Never
underestimate the power of denial.
Democratic
excuses for last Tuesday’s election disasters are pitiful. Placing blame on
President Obama’s leadership or the vagaries of mid-term elections ignores the election
of a Republican governor in Maryland, a Republican state house in Minnesota and
the near-defeat of Democratic businessman Mark Warner in Virginia. Democrats
now control fewer state legislative seats than at any time since the Civil War.
Republicans are on a long march to dominate American politics – and Democrats
are to blame.
Two statistics
are all we need to know. First, median household income in America continues to
fall. It is down 10% since 2000, with no sign or recovery. Second, the employment
rate of Americans aged 18-65 is also down 10% since 2000. It also continues to
fall.
Middle-class,
working Americans live in economic turmoil. Their vision that a middle-management
career would provide a home in a good neighborhood, college tuition, vacations,
healthcare and retirement suddenly evaporated along with middle-management.

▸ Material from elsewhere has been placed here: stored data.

lemma inside_bijective_linear_image:
  fixes f :: "'a::euclidean_space \<Rightarrow> 'b::euclidean_space"
  assumes f: "linear f" "bij f"
  shows "inside (f ` S) = f ` inside S"
proof -
  have inj: "inj f"
    using f(2) by (rule bij_is_inj)
  obtain g where "homeomorphism (f ` (-S)) (-S) g f"
    using f(1) inj linear_homeomorphism_image by blast
  then have "homeomorphism (-S) (f ` (-S)) f g"
    by (rule homeomorphism_symD)
  then have hom: "homeomorphism (-S) (-(f ` S)) f g"
    by (simp only: bij_image_Compl_eq[OF f(2)])
  have pointwise: "f x \<in> inside (f ` S) \<longleftrightarrow> x \<in> inside S" for x
  proof (cases "x \<in> S")
    case True
    then show ?thesis
      by (simp add: inside_def)
  next
    case False
    then have "connected_component_set (-(f ` S)) (f x) = f ` connected_component_set (-S) x"
      using connected_component_set_homeomorphism[OF hom, of x] by simp
    moreover have "f x \<notin> f ` S"
      using False inj by (simp add: inj_image_mem_iff)
    ultimately show ?thesis
      using False f(1) inj by (simp add: inside_def bounded_injective_linear_image_iff)
  qed
  show ?thesis
  proof (rule set_eqI)
    fix z
    obtain x where "z = f x"
      using f(2) by (metis bij_pointE)
    then show "z \<in> inside (f ` S) \<longleftrightarrow> z \<in> f ` inside S"
      using pointwise inj by (simp add: inj_image_mem_iff)
  qed
qed

lemma Jordan_frontier_inside:
  fixes c :: "real \<Rightarrow> 'a::euclidean_space"
  assumes "DIM('a) = 2" "simple_path c" "pathfinish c = pathstart c"
  shows "frontier (inside (path_image c)) = path_image c"
proof -
  \<comment> \<open>The library has the Jordan curve theorem for \<open>complex\<close> only; transport it.\<close>
  have "DIM('a) = DIM(complex)"
    using assms(1) by simp
  then obtain f :: "'a \<Rightarrow> complex" and g where f: "linear f" "\<And>x. g (f x) = x" "\<And>y. f (g y) = y"
    by (metis isomorphisms_UNIV_UNIV)
  then have "bij f"
    by (metis bijI')
  have "simple_path (f \<circ> c)"
    using assms(2) f(1) \<open>bij f\<close> by (simp add: simple_path_linear_image_eq bij_is_inj)
  moreover have "pathfinish (f \<circ> c) = pathstart (f \<circ> c)"
    using assms(3) by (simp add: pathfinish_compose pathstart_compose)
  ultimately have "frontier (inside (f ` path_image c)) = f ` path_image c"
    using Jordan_inside_outside[of "f \<circ> c"] by (simp add: path_image_compose)
  then have "f ` frontier (inside (path_image c)) = f ` path_image c"
    using f(1) \<open>bij f\<close> by (simp add: inside_bijective_linear_image frontier_bijective_linear_image)
  then show ?thesis
    using \<open>bij f\<close> by (simp add: bij_is_inj inj_image_eq_iff)
qed

lemma convex_inside_x_axis_points_card_le_2:
  fixes C :: "(real \<times> real) set"
  assumes convex: "convex (inside C)" and C_closure: "C \<subseteq> closure (inside C)"
    and "closed C" and finite: "finite {t. (t, 0) \<in> C}"
  shows "card {t. (t, 0) \<in> C} \<le> 2"
proof (rule ccontr)
  define T where "T = {t. (t, 0) \<in> C}"
  have "finite T"
    using finite by (simp add: T_def)
  assume "\<not> card {t. (t, 0) \<in> C} \<le> 2"
  moreover have "card {Min T, Max T} \<le> 2"
    by (cases "Min T = Max T") simp_all
  ultimately have "card {Min T, Max T} < card T"
    by (simp add: T_def)
  then have "\<not> T \<subseteq> {Min T, Max T}"
    using card_mono[of "{Min T, Max T}" T] by auto
  then obtain mid where mid: "mid \<in> T" "mid \<noteq> Min T" "mid \<noteq> Max T"
    by blast
  have lo: "Min T < mid" and hi: "mid < Max T"
    using Min_le[OF \<open>finite T\<close> \<open>mid \<in> T\<close>] Max_ge[OF \<open>finite T\<close> \<open>mid \<in> T\<close>] mid(2,3)
    by linarith+
  have "Min T \<in> T" "Max T \<in> T"
    using \<open>finite T\<close> \<open>mid \<in> T\<close> by (auto intro: Min_in Max_in)
  have in_inside: "(t, 0) \<in> inside C" if "Min T \<le> t" "t \<le> Max T" "t \<notin> T" for t
  proof -
    have "closed_segment (Min T, 0) (Max T, 0) \<subseteq> closure (inside C)"
      using \<open>Min T \<in> T\<close> \<open>Max T \<in> T\<close> C_closure convex
      by (intro closed_segment_subset convex_closure) (auto simp: T_def)
    moreover have "(t, 0) \<in> closed_segment (Min T, 0) (Max T, 0)"
      using that by (simp add: closed_segment_same_snd closed_segment_eq_real_ivl)
    moreover have "closure (inside C) \<subseteq> inside C \<union> C"
      using frontier_inside_subset[OF \<open>closed C\<close>] closure_Un_frontier by blast
    ultimately show ?thesis
      using that by (auto simp: T_def)
  qed
  have "{Min T<..<mid} - T \<noteq> {}" "{mid<..<Max T} - T \<noteq> {}"
    using lo hi \<open>finite T\<close> by (metis Diff_infinite_finite infinite_Ioo finite.emptyI)+
  then obtain t1 t2 where t1: "t1 \<in> {Min T<..<mid} - T" and t2: "t2 \<in> {mid<..<Max T} - T"
    by blast
  then have "closed_segment (t1, 0) (t2, 0) \<subseteq> inside C"
    using convex in_inside by (intro closed_segment_subset) auto
  moreover have "(mid, 0) \<in> closed_segment (t1, 0) (t2, (0::real))"
    using t1 t2 by (simp add: closed_segment_same_snd closed_segment_eq_real_ivl)
  ultimately have "(mid, 0) \<in> inside C"
    by blast
  moreover have "(mid, 0) \<in> C"
    using \<open>mid \<in> T\<close> by (simp add: T_def)
  ultimately show False
    using inside_no_overlap[of C] by blast
qed

definition alt_vertex :: "(nat \<Rightarrow> real) \<Rightarrow> (nat \<Rightarrow> real) \<Rightarrow> (nat \<Rightarrow> real) \<Rightarrow> nat \<Rightarrow> point" where
  "alt_vertex x y \<sigma> j = (if odd j then (\<sigma> j * x ((j + 1) div 2), 0) else (0, \<sigma> j * y (j div 2)))"

lemma length_alt_polygon [simp]: "length (alt_polygon k x y \<sigma>) = 2 * k"
  by (simp add: alt_polygon_def)

lemma nth_alt_polygon: "i < 2 * k \<Longrightarrow> alt_polygon k x y \<sigma> ! i = alt_vertex x y \<sigma> (Suc i)"
  by (simp add: alt_polygon_def alt_vertex_def del: upt_Suc)

lemma alt_vertex_in_alt_polygon:
  assumes "j \<in> {1..2 * k}"
  shows "alt_vertex x y \<sigma> j \<in> set (alt_polygon k x y \<sigma>)"
  using assms nth_alt_polygon[of "j - 1" k x y \<sigma>] nth_mem[of "j - 1" "alt_polygon k x y \<sigma>"]
  by auto

lemma x_axis_point_of_segment_to_y_axis:
  fixes a b :: "real \<times> real"
  assumes "snd a = 0" "fst b = 0" "snd b \<noteq> 0" "(t, 0) \<in> closed_segment a b"
  shows "(t, 0) = a"
proof -
  obtain u where u: "(t, 0) = (1 - u) *\<^sub>R a + u *\<^sub>R b"
    using assms(4) by (auto simp: closed_segment_def)
  then have "0 = snd ((1 - u) *\<^sub>R a + u *\<^sub>R b)"
    by (metis snd_conv)
  also have "\<dots> = u * snd b"
    using assms(1) by simp
  finally have "u = 0"
    using assms(3) by simp
  with u show ?thesis
    by simp
qed

lemma edge_of_alt_polygon:
  assumes "i < 2 * k"
  obtains m m' where "m \<in> {1..2 * k}" "m' \<in> {1..2 * k}" "odd m" "even m'"
    "closed_segment (alt_polygon k x y \<sigma> ! i) (alt_polygon k x y \<sigma> ! (Suc i mod (2 * k)))
      = closed_segment (alt_vertex x y \<sigma> m) (alt_vertex x y \<sigma> m')"
proof -
  define j j' where "j = Suc i" and "j' = Suc (Suc i mod (2 * k))"
  have "Suc i mod (2 * k) < 2 * k"
    using assms by simp
  then have "j' \<in> {1..2 * k}"
    unfolding j'_def atLeastAtMost_iff by linarith
  moreover have "j \<in> {1..2 * k}"
    using assms by (simp add: j_def)
  moreover have "even j' \<longleftrightarrow> odd j"
    using dvd_mod_iff[of 2 "2 * k" "Suc i"] by (simp add: j_def j'_def)
  moreover have "closed_segment (alt_polygon k x y \<sigma> ! i) (alt_polygon k x y \<sigma> ! (Suc i mod (2 * k)))
      = closed_segment (alt_vertex x y \<sigma> j) (alt_vertex x y \<sigma> j')"
    using assms by (simp add: j_def j'_def nth_alt_polygon)
  ultimately show thesis
    using that[of j j'] that[of j' j] by (metis closed_segment_commute)
qed

lemma x_axis_points_alt_polygon:
  assumes "1 \<le> k" "\<forall>i\<in>{1..k}. y i \<noteq> 0" "\<forall>j\<in>{1..2 * k}. \<sigma> j \<noteq> 0"
  shows "{t. (t, 0) \<in> path_image (closed_polygon_path (alt_polygon k x y \<sigma>))}
    = (\<lambda>i. \<sigma> (2 * i - 1) * x i) ` {1..k}"
proof (intro equalityI subsetI)
  let ?P = "alt_polygon k x y \<sigma>" and ?v = "alt_vertex x y \<sigma>"
  fix t
  assume "t \<in> {t. (t, 0) \<in> path_image (closed_polygon_path ?P)}"
  moreover have "?P \<noteq> []"
    using assms(1) by (simp flip: length_greater_0_conv)
  ultimately obtain i where "i < 2 * k" and edge: "(t, 0) \<in> closed_segment (?P ! i) (?P ! (Suc i mod (2 * k)))"
    using path_image_closed_polygon_path_subset_edges[of ?P] by auto
  obtain m m' where m: "m \<in> {1..2 * k}" "odd m" and m': "m' \<in> {1..2 * k}" "even m'"
    and "closed_segment (?P ! i) (?P ! (Suc i mod (2 * k))) = closed_segment (?v m) (?v m')"
    using \<open>i < 2 * k\<close> by (rule edge_of_alt_polygon)
  with edge have "(t, 0) \<in> closed_segment (?v m) (?v m')"
    by simp
  moreover have "snd (?v m) = 0" "fst (?v m') = 0" "snd (?v m') \<noteq> 0"
    using m m' assms(2,3) by (auto simp: alt_vertex_def)
  ultimately have "(t, 0) = ?v m"
    by (intro x_axis_point_of_segment_to_y_axis)
  then have "t = \<sigma> m * x ((m + 1) div 2)"
    using \<open>odd m\<close> by (simp add: alt_vertex_def)
  moreover obtain b where "m = 2 * b + 1"
    using \<open>odd m\<close> by (rule oddE)
  moreover have "b + 1 \<in> {1..k}"
    using \<open>m \<in> {1..2 * k}\<close> \<open>m = 2 * b + 1\<close> by simp
  ultimately show "t \<in> (\<lambda>i. \<sigma> (2 * i - 1) * x i) ` {1..k}"
    by (intro image_eqI[of _ _ "b + 1"]) simp_all
next
  fix t
  assume "t \<in> (\<lambda>i. \<sigma> (2 * i - 1) * x i) ` {1..k}"
  then obtain i where "i \<in> {1..k}" "t = \<sigma> (2 * i - 1) * x i"
    by blast
  then have "(t, 0) = alt_vertex x y \<sigma> (2 * i - 1)" "2 * i - 1 \<in> {1..2 * k}"
    by (auto simp: alt_vertex_def)
  then have "(t, 0) \<in> set (alt_polygon k x y \<sigma>)"
    by (simp add: alt_vertex_in_alt_polygon)
  then show "t \<in> {t. (t, 0) \<in> path_image (closed_polygon_path (alt_polygon k x y \<sigma>))}"
    using vertices_subset_path_image_closed_polygon_path by blast
qed

lemma inj_on_signed_coordinates:
  fixes x \<sigma> :: "nat \<Rightarrow> real"
  assumes "inj_on x A" "\<forall>i\<in>A. x i > 0" "\<forall>i\<in>A. \<sigma> (f i) = -1 \<or> \<sigma> (f i) = 1"
  shows "inj_on (\<lambda>i. \<sigma> (f i) * x i) A"
proof (rule inj_onI)
  have abs_eq: "\<bar>\<sigma> (f i) * x i\<bar> = x i" if "i \<in> A" for i
  proof -
    have "\<sigma> (f i) = -1 \<or> \<sigma> (f i) = 1" "x i > 0"
      using that assms(2,3) by auto
    then show ?thesis
      by auto
  qed
  fix i j
  assume "i \<in> A" "j \<in> A" "\<sigma> (f i) * x i = \<sigma> (f j) * x j"
  then have "x i = x j"
    using abs_eq by metis
  then show "i = j"
    using inj_onD[OF assms(1)] \<open>i \<in> A\<close> \<open>j \<in> A\<close> by blast
qed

Millions
of Americans, reared in the pre-planned Industrial Age, are ill-equipped to realign
their skills with the fluid expectations of the Information Age. As our economy
continues to evolve this problem will endure.
Republicans
offer a solution: less government; lower taxes. This is a terrible solution; trickle-down
economics don’t work and deregulation just gave us the Great Recession. However,
the Republican “solution” is politically preferable to the Democratic solution –
which doesn’t exist.
In the 1960s,
a common bumper sticker read, “If you’re not part of the solution, you’re part
of the problem.” Average Americans may not demand that government create jobs,
but they understand that taxes and regulation impact job creation. They
understand that one-third of the job force has given up trying to find a job.
They understand that average working Americans earn 10% less today than 15
years ago. They understand that the Democratic Party has no strategy for aligning
government action with economic growth.
The measure
of merit in political economics is not the Dow Jones Industrial Average – it is
median household income. Democrats must convey a clear and concise strategy for
middle-class driven economic growth. When the Democratic Party proves its
dedication to this standard it will regain the votes of America’s middle class.